La vida adulta en el espectro autista, ante la justicia y los derechos humanos que se vuelven fantasmas, discursos pisoteados que no alcanzan las paredes húmedas ni los techos frágiles de quienes sobreviven en silencio.
Cuando el año empieza a bajar la velocidad, acercándose a su fin, también se reduce la paciencia social. Quedan a la vista, con más crudeza, los desafíos que atravesamos las personas adultas con diferentes discapacidades. En esos márgenes habitan muchos que a menudo son desestimados por no tener otra condición asociada al autismo, por ser simplemente autistas o Asperger. Porque el autismo no es solo infancia y terapias, es adultez, soledad, no acceder a un trabajo; es un camino entero que sigue latente, aunque ya no haya intervenciones, ni profesionales tomando apuntes, ni siquiera el hogar en el que antes se vivía para sostenerse.
Hoy quiero traer una de esas vivencias. Una de las que se multiplican en nuestro país, con la esperanza de que la calidad de vida de cada persona mejore, o al menos que no seamos desechados en la adultez por la sociedad como si fuéramos una moda descartable.
Un relato que me atravesó y tal vez toque algo en ustedes, el de Elizabeth Moreno, una mujer autista de 57 años, diagnosticada hace apenas cuatro por la doctora Alexia Rattazzi gracias a una beca de la ONG PANAACEA (Programa Argentino para Niños, Adolescentes y Adultos con Condiciones del Espectro Autista). Elizabeth me lo contó con un alivio humilde: fue la primera vez que alguien se sentó a escucharla sin apuro, sin subestimarla, sin esa mirada que intenta corregir en vez de comprender.
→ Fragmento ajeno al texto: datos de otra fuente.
(* Let $G=(V,E)$ be a connected graph and $\ell$ an $s$-cyclic labeling of $G$ (for some integer $s\ge 3$). Then either $G$ is acyclic or $G$ contains a unique cycle, whose length $k$ is divisible by $s$. Further, if $G$ contains a cycle $C$, then $C$ is an oriented (directed) cycle in the orientation induced by $\ell$, and all oriented paths in $G$ are oriented away from the vertices of $C$.
   Context: For $L=\{0,1,\dots,s-1\}$ with $s\ge 3$, a function $\ell:V\to L$ is an $s$-cyclic labeling of $G$ if every $v\in V$ has at most one neighbor $P(v)$ (the parent of $v$) with $\ell(P(v))\equiv \ell(v)-1 \pmod s$, and all other neighbors $w$ of $v$ satisfy $\ell(w)\equiv\ell(v)+1\pmod s$. The orientation induced by $\ell$ orients each edge $\{u,v\}$ as $(u,v)$ when $u=P(v)$, i.e. away from the parent. *)

theory Defs
  imports Main
begin

definition simple_graph :: "'a set \<Rightarrow> 'a set set \<Rightarrow> bool" where
  "simple_graph V E \<longleftrightarrow> (\<forall>e\<in>E. \<exists>u v. e = {u, v} \<and> u \<in> V \<and> v \<in> V \<and> u \<noteq> v)"

definition adj :: "'a set set \<Rightarrow> 'a \<Rightarrow> 'a \<Rightarrow> bool" where
  "adj E u v \<longleftrightarrow> {u, v} \<in> E"

definition connected_graph :: "'a set \<Rightarrow> 'a set set \<Rightarrow> bool" where
  "connected_graph V E \<longleftrightarrow> (\<forall>u\<in>V. \<forall>v\<in>V. (adj E)\<^sup>*\<^sup>* u v)"

definition is_cycle :: "'a set \<Rightarrow> 'a set set \<Rightarrow> 'a list \<Rightarrow> bool" where
  "is_cycle V E xs \<longleftrightarrow> length xs \<ge> 3 \<and> distinct xs \<and> set xs \<subseteq> V \<and>
     (\<forall>i < length xs. adj E (xs ! i) (xs ! ((i + 1) mod length xs)))"

text \<open>The edge set of a cycle (identifies a cycle as a subgraph, independent of
  starting point and direction of traversal).\<close>
definition cycle_edges :: "'a list \<Rightarrow> 'a set set" where
  "cycle_edges xs = {{xs ! i, xs ! ((i + 1) mod length xs)} | i. i < length xs}"

definition acyclic_graph :: "'a set \<Rightarrow> 'a set set \<Rightarrow> bool" where
  "acyclic_graph V E \<longleftrightarrow> \<not> (\<exists>xs. is_cycle V E xs)"

definition parent_label :: "nat \<Rightarrow> ('a \<Rightarrow> nat) \<Rightarrow> 'a \<Rightarrow> 'a \<Rightarrow> bool" where
  "parent_label s l u v \<longleftrightarrow> (int (l u)) mod (int s) = (int (l v) - 1) mod (int s)"

definition cyclic_labeling :: "nat \<Rightarrow> 'a set \<Rightarrow> 'a set set \<Rightarrow> ('a \<Rightarrow> nat) \<Rightarrow> bool" where
  "cyclic_labeling s V E l \<longleftrightarrow>
     (\<forall>v\<in>V. l v < s) \<and>
     (\<forall>v\<in>V. \<forall>u u'. adj E u v \<and> parent_label s l u v \<and> adj E u' v \<and> parent_label s l u' v
                  \<longrightarrow> u = u') \<and>
     (\<forall>v\<in>V. \<forall>w. adj E v w \<and> \<not> parent_label s l w v \<longrightarrow> (int (l w)) mod (int s) = (int (l v) + 1) mod (int s))"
Elizabeth vive sola con Alan, su hijo de 27 años, también autista. Él cursa en la Universidad Nacional de José C. Paz (UNPAZ), segundo año de Desarrollo y Producción de Videojuegos. Dice ella que es la única institución que lo recibió tal como es, con los apoyos necesarios para avanzar. A Elizabeth se le ilumina el rostro al hablar de él; lo observa estudiar como quien mira una llama persistente en medio de su propio desierto.
La vida tuvo un quiebre. Vivían en un departamento alquilado hasta que su marido se fue, dejándola sola con sus hijos y sin posibilidad de sostener el alquiler. La única alternativa fue la casa de sus abuelos maternos. Una construcción antigua que, con el tiempo, se volvió una trampa: no tiene agua. No es metáfora. No tiene agua.
La juntan de la lluvia cuando pueden, y cuando no, caminan con envases hasta la casa de los vecinos, que les dan lo que pueden. Para beber, compran bidones de dispenser, si alcanza el dinero.

Intentó hacer una perforación nueva, se endeudó y no funcionó.
El baño es una letrina. Una escena que cualquiera ubicaría siglos atrás, pero que sucede hoy, en el conurbano bonaerense.
La casa tiene electricidad y un servicio de internet que instaló solo para que Alan pudiera estudiar. Ese gesto es Elizabeth, alguien que sostiene aun cuando casi nada la sostiene a ella.
Trabajó toda su vida como enfermera domiciliaria hasta que una enfermedad autoinmune la obligó a detenerse. Aun así, insiste en que podría volver a trabajar si encontrara un puesto que pudiera hacer sentada. “No quiero resignarme”, repite, a pesar de que los hechos concretos no la acompañen. Su único ingreso —me refiere— es una pensión no contributiva que ronda los $ 270.000.
Pidió ayuda en su distrito. Cuenta que técnicos y profesionales se acercaron a evaluar la vivienda y le indicaron que está en riesgo de derrumbe. Cada tormenta es un examen de fe. Elizabeth no duerme, escucha el techo vibrar, calcula por dónde podría ceder y reza para que no se caiga sobre ellos.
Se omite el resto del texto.